このため、知られている超巨星と O 型星について、 アソシエーション、星団と関係するかどうかを調べた。次に、HR図を調べた。 そして各スペクトル型で最も明るい星の光度を求めた。



 2.アソシエーションと星団に属する星 

 カタログ 

 論文の表にはアソシエーションと星団に属する O, B0 - B1 星 と巨星を 載せた。メンバーかどうかは方向、測光距離、視線速度から決めた。測光距離には O, B 型星は Walborn 1972, 晩期超巨星は Blaauw 1963 の較正を用いた。

 データ源 

 データ源は Humphreys 1970, 1973, 1975, 等である。 ここでの議論は Humphreys 1970, Sandage, Tammann 1974 に近いがデータがより完全である。

 3.HR 図 

 図1,2にはカタログ星のHR図を示した。ηCar や P Cyg のような特異星は 含めていない。天体距離はほぼ 3 kpc 以内である。理論カーブとの比較では、

(1) O 型星の Mbol = -10 ∼ -12

(2) その明るさの晩期型超巨星はない。

(3) B3 から M 型超巨星にかけては Mbol = -9.5 が上限となる。

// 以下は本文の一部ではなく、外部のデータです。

(* Let $\mathcal{G}=(\mathcal{V},\mathcal{A})$ be the information-flow graph of a single-sender single-uniprior index-coding instance with message lengths $q_1,\dots,q_n$. Then \[ \ell^*(\mathcal{G}) \leq \sum_{k \in \mathcal{V}} q_k - \sum_{i \in \mathcal{L}(\mathcal{G})} q_i - \sum_{\mathcal{V}_{S} \in \mathbb{V}} \min_{a \in \mathcal{V}_{S}} q_a, \] where $\mathbb{V}$ is the set of vertex sets of all leaf SCCs of $\mathcal{G}$.
   Context: Single-sender single-uniprior index coding: there are $n$ receivers and $n$ independent messages $x_1,\dots,x_n$; message $x_i$ consists of $q_i\ge 1$ bits, each independently uniformly distributed on $\{0,1\}$. A single sender knows all messages. Receiver $i$ knows $x_i$ a priori and requests a set $\mathcal{W}_i$ of messages with $x_i\notin\mathcal{W}_i$. The information-flow graph is the directed graph $\mathcal{G}=(\mathcal{V},\mathcal{A})$ with $\mathcal{V}=\{1,\dots,n\}$ and an arc $(j\to i)\in\mathcal{A}$ iff $x_j\in\mathcal{W}_i$. An index code of length $\ell$ consists of an encoding function $E:\{0,1\}^{\sum_i q_i}\to\{0,1\}^\ell$ and, for each receiver $i$, a decoding function $D_i$ such that $D_i(E(x_1,\dots,x_n),x_i)$ equals the tuple of messages in $\mathcal{W}_i$ for all values of the messages. $\ell^*(\mathcal{G})$ denotes the minimum length of an index code. A leaf vertex is a vertex with no outgoing arcs; $\mathcal{L}(\mathcal{G})$ is the set of leaf vertices. A strongly connected component (SCC) is a maximal subgraph in which every ordered pair of vertices is joined by a directed path inside the subgraph. A leaf SCC is an SCC with at least two vertices from which no arc goes to a vertex outside the SCC. *)

theory Defs
  imports Main
begin

text \<open>Vertices are 1..n. An arc (j, i) means message x_j is requested by receiver i.
  A message assignment gives each vertex i a bit string of length q i.\<close>

definition msgs :: "nat \<Rightarrow> (nat \<Rightarrow> nat) \<Rightarrow> (nat \<Rightarrow> bool list) set" where
  "msgs n q = {x. (\<forall>i\<in>{1..n}. length (x i) = q i) \<and> (\<forall>i. i \<notin> {1..n} \<longrightarrow> x i = [])}"

definition is_index_code ::
  "nat \<Rightarrow> (nat \<times> nat) set \<Rightarrow> (nat \<Rightarrow> nat) \<Rightarrow> nat \<Rightarrow>
   ((nat \<Rightarrow> bool list) \<Rightarrow> bool list) \<Rightarrow> (nat \<Rightarrow> bool list \<Rightarrow> bool list \<Rightarrow> nat \<Rightarrow> bool list) \<Rightarrow> bool" where
  "is_index_code n A q l E D \<longleftrightarrow>
     (\<forall>x\<in>msgs n q. length (E x) = l) \<and>
     (\<forall>x\<in>msgs n q. \<forall>i\<in>{1..n}. \<forall>j. (j, i) \<in> A \<longrightarrow> D i (E x) (x i) j = x j)"

definition has_index_code :: "nat \<Rightarrow> (nat \<times> nat) set \<Rightarrow> (nat \<Rightarrow> nat) \<Rightarrow> nat \<Rightarrow> bool" where
  "has_index_code n A q l \<longleftrightarrow> (\<exists>E D. is_index_code n A q l E D)"

definition opt_len :: "nat \<Rightarrow> (nat \<times> nat) set \<Rightarrow> (nat \<Rightarrow> nat) \<Rightarrow> nat" where
  "opt_len n A q = (LEAST l. has_index_code n A q l)"

definition leaf_vertices :: "nat \<Rightarrow> (nat \<times> nat) set \<Rightarrow> nat set" where
  "leaf_vertices n A = {i \<in> {1..n}. \<not> (\<exists>k. (i, k) \<in> A)}"

definition strongly_connected_in :: "(nat \<times> nat) set \<Rightarrow> nat set \<Rightarrow> bool" where
  "strongly_connected_in A S \<longleftrightarrow> (\<forall>u\<in>S. \<forall>v\<in>S. (u, v) \<in> (A \<inter> (S \<times> S))\<^sup>*)"

definition is_scc :: "nat \<Rightarrow> (nat \<times> nat) set \<Rightarrow> nat set \<Rightarrow> bool" where
  "is_scc n A S \<longleftrightarrow> S \<noteq> {} \<and> S \<subseteq> {1..n} \<and> strongly_connected_in A S \<and>
     (\<forall>T. S \<subseteq> T \<and> T \<subseteq> {1..n} \<and> strongly_connected_in A T \<longrightarrow> T = S)"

原因が単なるサンプル数の不足か、進化が非常に速まるためか、収束効果か 不明である。大規模マスロスは進化に大きな影響を及ぼすであろう。 その結果、赤色超巨星は 20 Mo より軽い星しかないのかも知れない。

図1.カタログ上の O 型星と超巨星の Mv 対 スペクトル型



図2.カタログ上の O 型星と超巨星のモデル Mv 対 Te。 ZAMS と 進化経路も示した。


 4.最も明るい星 


表2.可視域で最も明るい星

 超巨星のグループ化 

 図1から明らかなように、F, G, K 型超巨星は可視域では最も明るい 星である。しかし、これら黄色超巨星は矮星と混同しやすく距離指標として 適当でない。他銀河では B -V ≤ 0.4 または ≥ 2.0 の星が見分けやすい。 青い星のスペクトル巾は狭いが図1を見ると光度は大きく変化する。 ここでは、スペクトルグループ化を O3-O9, 9.5-B7, B8-A8, F0-K4, K5-M4 に 分ける。その内部で最も明るい星を論じる。

表3.最も明るい星



表4.M 型超巨星の最大光度






表5.アソシエーションと星団内の明るい星のスペクトル型分布

 6.まとめ 

 可視で最も明るいのは No.12 Cyg OB2 Mv = -9.9 mag. 赤色超巨星は Mv = -8, B, A 型で -8.5 mag.